Claude Shannon brought entropy to Information theory. He loved Entropy so much. In fact, he called his house the Entropy House.

Language can be described using entropy. Some things we say more often, and they don’t capture as much surprise.

Low entropy: “The”, “And”, “There”, “Password”

High entropy:  “supercalifragilisticexpialidocious”, “xylophone”

For example, you probably wouldn’t want to use a low entropy word to be your password…

Claude Shannon saw that language was information, in fact, he saw that all language was statistical in nature, saying: “anyone speaking a language possesses, implicitly, an enormous knowledge of the statistics of the language. Familiarity with the words, idioms, cliches, and grammar enables him to fill in missing or incorrect letters in proof-reading, or to complete an unfinished phrase in conversation.”

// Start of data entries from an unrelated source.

lemma exists_join_n_entropy_ge:
  assumes K: "\<And>\<alpha>. \<alpha> \<in> K \<Longrightarrow> measurable_partition M \<alpha>"
    and big: "\<And>Q. measurable_partition M Q \<Longrightarrow> \<exists>\<alpha>\<in>K. c \<le> cond_entropy M \<alpha> Q"
  shows "\<exists>as. (\<forall>i<n. as i \<in> K) \<and> real n * c \<le> part_entropy M (join_n M as n)"
proof (induction n)
  case 0
  show ?case by (simp add: join_n_0 part_entropy_def eta_def prob_space)
next
  case (Suc n)
  then obtain as where as: "\<forall>i<n. as i \<in> K" "real n * c \<le> part_entropy M (join_n M as n)" by blast
  have J: "measurable_partition M (join_n M as n)"
    using as(1) K by (intro measurable_partition_join_n) auto
  obtain \<alpha> where \<alpha>: "\<alpha> \<in> K" "c \<le> cond_entropy M \<alpha> (join_n M as n)" using big[OF J] by blast
  define bs where "bs = as(n := \<alpha>)"
  have "join_n M bs n = join_n M as n" by (rule join_n_cong) (simp add: bs_def)
  then have "part_entropy M (join_n M bs (Suc n))
      = part_entropy M (join_n M as n) + cond_entropy M \<alpha> (join_n M as n)"
    using part_entropy_part_join[OF K[OF \<alpha>(1)] J] by (simp add: join_n_Suc bs_def part_join_commute)
  moreover have "\<forall>i<Suc n. bs i \<in> K" using as(1) \<alpha>(1) by (simp add: bs_def less_Suc_eq)
  ultimately show ?case using as(2) \<alpha>(2) by (intro exI[of _ bs]) (simp add: algebra_simps)
qed

lemma max_pattern_entropy_ge_if_cond_entropy_bounded_below:
  assumes K: "\<And>\<alpha>. \<alpha> \<in> K \<Longrightarrow> measurable_partition M \<alpha>" and c: "0 \<le> c"
    and big: "\<And>Q. measurable_partition M Q \<Longrightarrow> \<exists>\<alpha>\<in>K. c \<le> cond_entropy M \<alpha> Q"
  shows "ennreal c \<le> max_pattern_entropy M K"
  unfolding max_pattern_entropy_def
proof (rule limsup_div_ge_if_linear_lower_bound[OF c])
  fix n
  obtain as where "\<forall>i<n. as i \<in> K" "real n * c \<le> part_entropy M (join_n M as n)"
    using exists_join_n_entropy_ge[OF K big] by blast
  then show "ennreal (real n * c) \<le> pattern_sup M K n"
    unfolding pattern_sup_def by (intro SUP_upper2[of as]) (auto intro: ennreal_leI)
qed

lemma rokhlin_precompact_if_max_pattern_entropy_eq_0:
  assumes K: "K \<subseteq> partitions_le M r" and "max_pattern_entropy M K = 0"
  shows "rokhlin_precompact M K"
proof (rule ccontr)
  assume "\<not> rokhlin_precompact M K"
  then obtain c where "0 < c" and big: "\<And>Q. measurable_partition M Q \<Longrightarrow> \<exists>\<alpha>\<in>K. c \<le> cond_entropy M \<alpha> Q"
    using cond_entropy_bounded_below_if_not_precompact[OF K] by blast
  have "\<And>\<alpha>. \<alpha> \<in> K \<Longrightarrow> measurable_partition M \<alpha>"
    using K partitions_leD(1) by blast
  then have "ennreal c \<le> max_pattern_entropy M K"
    using \<open>0 < c\<close> big by (intro max_pattern_entropy_ge_if_cond_entropy_bounded_below) auto
  then show False using \<open>0 < c\<close> \<open>max_pattern_entropy M K = 0\<close> by simp
qed

end

theorem proposition3p1:
  fixes M :: "'a::polish_space measure" and r :: nat and K :: "'a set set set"
  assumes "prob_space M" and "sets M = sets borel" and "r \<ge> 2"
    and "K \<subseteq> partitions_le M r"
  shows "rokhlin_precompact M K \<longleftrightarrow> max_pattern_entropy M K = 0"
proof -
  interpret prob_space M by fact
  have "\<And>\<alpha>. \<alpha> \<in> K \<Longrightarrow> measurable_partition M \<alpha>"
    using assms(4) partitions_leD(1) by blast
  then show ?thesis
    using max_pattern_entropy_eq_0_if_precompact
      rokhlin_precompact_if_max_pattern_entropy_eq_0[OF assms(4)] by blast
qed

end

See how well you can use your statistical understanding of english by filling in the blanks of this phrase:

_____ Shannon was the invento_ of entrop_, he is my her_, I want to study informati_ theory for the ____ of my life.

Claude Shannon also did this in his foundational paper: Prediction and Entropy of Printed English.

In his paper, Claude outlined it as below. The first line is the original text; the second line contains a dash for each letter that was correctly guessed using the statistical nature of english.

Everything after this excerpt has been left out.